News Release

PHILADELPHIA — High stakes life and death decisions are made every day by doctors and nurses in critical care units, but increasingly critical care clinicians are also tasked with containing costs and managing scarce resources in light of rising demands for and costs of care they provide. Physicians are often asked to consider limiting services for their patients to benefit society more broadly. Now, a new study from the Perelman School of Medicine at the University of Pennsylvania indicates that the so-called "rule of rescue" — whereby clinicians are prone to try to save their own patients as opposed to opening up a bed for a new patient — often prevails even in the face of substantial social benefit in terms of cost containment and procurement of organ donations.

"Our study suggests that many intensive care unit (ICU) clinicians are prone to provide salvage critical care for identifiable patients with grave prognoses even when doing so measurably contravenes society's interests," said Scott Halpern, MD, PhD, MBE, assistant professor of Medicine and Epidemiology, and the study's senior author. "Adherence to this 'rule of rescue' accords with traditional norms for clinicians of prioritizing one's own patients, but contrasts with recent conceptualizations of medical professionals' social responsibilities."

Although it is clear that critical care clinicians must routinely weigh the need and demand for medical resources in the ICU, few studies have examined how clinicians balance their duties to current patients with the additional responsibilities to promote, or at least not discount, societal interests.

To explore this issue, the researchers analyzed mixed methods questionnaires from 1,122 ICU clinicians in the U.S., 648 physicians and 438 nurses. The questionnaires addressed the clinicians' preferences for allocating their last bed in the ICU to a gravely ill patient already being treated, but with little chance to survive, versus an incoming deceased or dying patient for whom aggressive management could help others through organ donation.

Physicians were more likely than nurses to adhere to the ''rule of rescue'' by allocating the last bed to the gravely ill patient (45.9 vs. 32.6 percent). The questionnaire also revealed that the magnitude of the "social benefit" to be obtained through organ donor management (5 or 30 life-years added for transplant recipients) had small and inconsistent effects on clinicians' willingness to prioritize the donor, suggesting that clinicians' willingness to act to promote society's interests does not depend prominently on the magnitude of those interests.

In the qualitative analyses, the most common reason for allocating the last bed to an identifiable patient (identified by 65 percent of physicians and 75 percent of nurses) was that clinicians perceived strong obligations and fidelity to identifiable living patients.

"Taken together, these mixed qualitative and quantitative results provide empirical verification of predictions that the 'rule of rescue' represents a substantial and persistent barrier to the efficient allocation of scarce resources and may impede efforts to improve patient triage or constrain costs," concluded Rachel Kohn, MD, lead author of the study and a graduate of the Perelman School of Medicine. "Our findings indicate that future research is needed to identify the actual frequencies with which clinicians prioritize individual patients when doing so carries real social costs, and to further explore factors related to the observed variability in allocation patterns among clinicians."

The research is published in the July 2011 edition of Intensive Care Medicine.

 

Penn Medicine is one of the world’s leading academic medical centers, dedicated to the related missions of medical education, biomedical research, excellence in patient care, and community service. The organization consists of the University of Pennsylvania Health System and Penn’s Raymond and Ruth Perelman School of Medicine, founded in 1765 as the nation’s first medical school.

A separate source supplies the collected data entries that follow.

(* Let $(y_i',x_i')'$, $1\le i\le n$, be an i.i.d. sample from the multivariate linear model $y_i=B_0'x_i+u_i$ with random $x_i\in\mathbb{R}^p$, errors $u_i\in\mathbb{R}^q$ independent of $x_i$ with distribution $F_0$ and scatter matrix $\Sigma_0\in\mathcal{S}_q$, and write $\Sigma_0=|\Sigma_0|^{1/q}\Gamma_0$. Let $\rho_0$ be a $\rho$-function. Assume the initial estimates satisfy $\tilde B_n\to B_0$ and $\tilde\Sigma_n\to\Gamma_0$ almost surely. Then $\hat\sigma_n=s\big(d_1(\tilde B_n,\tilde\Sigma_n),\dots,d_n(\tilde B_n,\tilde\Sigma_n)\big)$ converges almost surely to $\sigma_0$, defined by $E_{F_0}\rho_0\big((u'\Gamma_0^{-1}u)^{1/2}/\sigma_0\big)=0.5$.
   Context: $\mathcal{S}_q$ is the set of positive definite symmetric $q\times q$ matrices, $|\cdot|$ the determinant. A $\rho$-function is a continuous nondecreasing function of $|u|$ with $\rho(0)=0$, $\sup\rho=1$, strictly increasing on nonnegative $u$ with $\rho(u)<1$. $d_i(B,\Sigma)=((y_i-B'x_i)'\Sigma^{-1}(y_i-B'x_i))^{1/2}$. The M-scale $s(v)$ of $v=(v_1,\dots,v_n)$ solves $\frac1n\sum_i\rho_0(v_i/s)=0.5$ (or $s=0$ if at least half the $v_i$ are zero). *)

theory Defs
  imports "HOL-Probability.Probability"
begin

definition pd_sym :: "real^'q^'q \<Rightarrow> bool" where
  "pd_sym S \<longleftrightarrow> transpose S = S \<and> (\<forall>v. v \<noteq> 0 \<longrightarrow> v \<bullet> (S *v v) > 0)"

definition rho_function :: "(real \<Rightarrow> real) \<Rightarrow> bool" where
  "rho_function \<rho> \<longleftrightarrow>
     continuous_on UNIV \<rho> \<and>
     (\<forall>u. \<rho> u = \<rho> \<bar>u\<bar>) \<and>
     mono_on {0..} \<rho> \<and>
     \<rho> 0 = 0 \<and>
     bdd_above (range \<rho>) \<and> (SUP u. \<rho> u) = 1 \<and>
     (\<forall>u v. 0 \<le> u \<and> u < v \<and> \<rho> u < 1 \<longrightarrow> \<rho> u < \<rho> v)"

definition mdist :: "real^'q^'p \<Rightarrow> real^'q^'q \<Rightarrow> real^'q \<Rightarrow> real^'p \<Rightarrow> real" where
  "mdist B \<Sigma> y x = sqrt ((y - transpose B *v x) \<bullet> (matrix_inv \<Sigma> *v (y - transpose B *v x)))"

definition mscale :: "(real \<Rightarrow> real) \<Rightarrow> nat \<Rightarrow> (nat \<Rightarrow> real) \<Rightarrow> real" where
  "mscale \<rho> n v =
     (if real n \<le> 2 * real (card {i\<in>{..<n}. v i = 0}) then 0
      else (THE s. s > 0 \<and> (1 / real n) * (\<Sum>i<n. \<rho> (v i / s)) = 1/2))"

end

theory Submission
  imports Defs
begin

(*
  Almost surely, the initial estimates converge, the strong law of large numbers applies to the
  averages of rho0(d_i(B0, Gamma0) / sigma) for the countably many scales sigma = sigma0 +- t_m with
  t_m -> 0, and the empirical frequencies of large (x_i, u_i) converge to the tail probabilities.
  The squared distances d_i^2 computed from (B, Sigma) differ from those computed from (B0, Gamma0)
  by a quantity that tends to 0 uniformly on bounded sets as (B, Sigma) -> (B0, Gamma0); since
  rho0 composed with the square root is uniformly continuous and the tail frequencies are small,
  the perturbed averages have the same limits. The population average is antitone in sigma with
  the unique root sigma0 of the level 1/2, hence lies strictly above 1/2 at sigma0 - t_m and
  strictly below at sigma0 + t_m; the same then holds eventually for the sample averages, which
  traps the M-scale in (sigma0 - t_m, sigma0 + t_m).
*)

section \<open>Matrix estimates\<close>

lemma norm_matrix_vector_mult_le:
  fixes A :: "real^'n^'m"
  shows "norm (A *v x) \<le> norm A * norm x"
proof -
  have "norm (A *v x) = L2_set (\<lambda>i. \<bar>A $ i \<bullet> x\<bar>) UNIV"
    by (simp add: norm_vec_def matrix_mult_dot)
  also have "\<dots> \<le> L2_set (\<lambda>i. norm (A $ i) * norm x) UNIV"
    by (rule L2_set_mono) (auto simp: Cauchy_Schwarz_ineq2)
  also have "\<dots> = norm A * norm x"
    by (simp add: L2_set_left_distrib norm_vec_def)
  finally show ?thesis .
qed

lemma tendsto_transpose:
  fixes A :: "'b \<Rightarrow> real^'n^'m"
  assumes "(A \<longlongrightarrow> A0) F"
  shows "((\<lambda>t. transpose (A t)) \<longlongrightarrow> transpose A0) F"
  by (intro vec_tendstoI) (simp add: transpose_def tendsto_vec_nth assms)

lemma matrix_inv_mult_vector:
  fixes S :: "real^'n^'n"
  assumes "invertible S"
  shows "S *v (matrix_inv S *v w) = w" "matrix_inv S *v (S *v w) = w"
proof -
  have "\<exists>S'. S ** S' = mat 1 \<and> S' ** S = mat 1"
    using assms unfolding invertible_def by blast
  from someI_ex[OF this] have "S ** matrix_inv S = mat 1" "matrix_inv S ** S = mat 1"
    unfolding matrix_inv_def by auto
  then show "S *v (matrix_inv S *v w) = w" "matrix_inv S *v (S *v w) = w"
    by (metis matrix_vector_mul_assoc matrix_vector_mul_lid)+
qed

The Perelman School of Medicine is consistently among the nation's top recipients of funding from the National Institutes of Health, with $550 million awarded in the 2022 fiscal year. Home to a proud history of “firsts” in medicine, Penn Medicine teams have pioneered discoveries and innovations that have shaped modern medicine, including recent breakthroughs such as CAR T cell therapy for cancer and the mRNA technology used in COVID-19 vaccines.

The University of Pennsylvania Health System’s patient care facilities stretch from the Susquehanna River in Pennsylvania to the New Jersey shore. These include the Hospital of the University of Pennsylvania, Penn Presbyterian Medical Center, Chester County Hospital, Lancaster General Health, Penn Medicine Princeton Health, and Pennsylvania Hospital—the nation’s first hospital, founded in 1751. Additional facilities and enterprises include Good Shepherd Penn Partners, Penn Medicine at Home, Lancaster Behavioral Health Hospital, and Princeton House Behavioral Health, among others.

Penn Medicine is an $11.1 billion enterprise powered by more than 49,000 talented faculty and staff.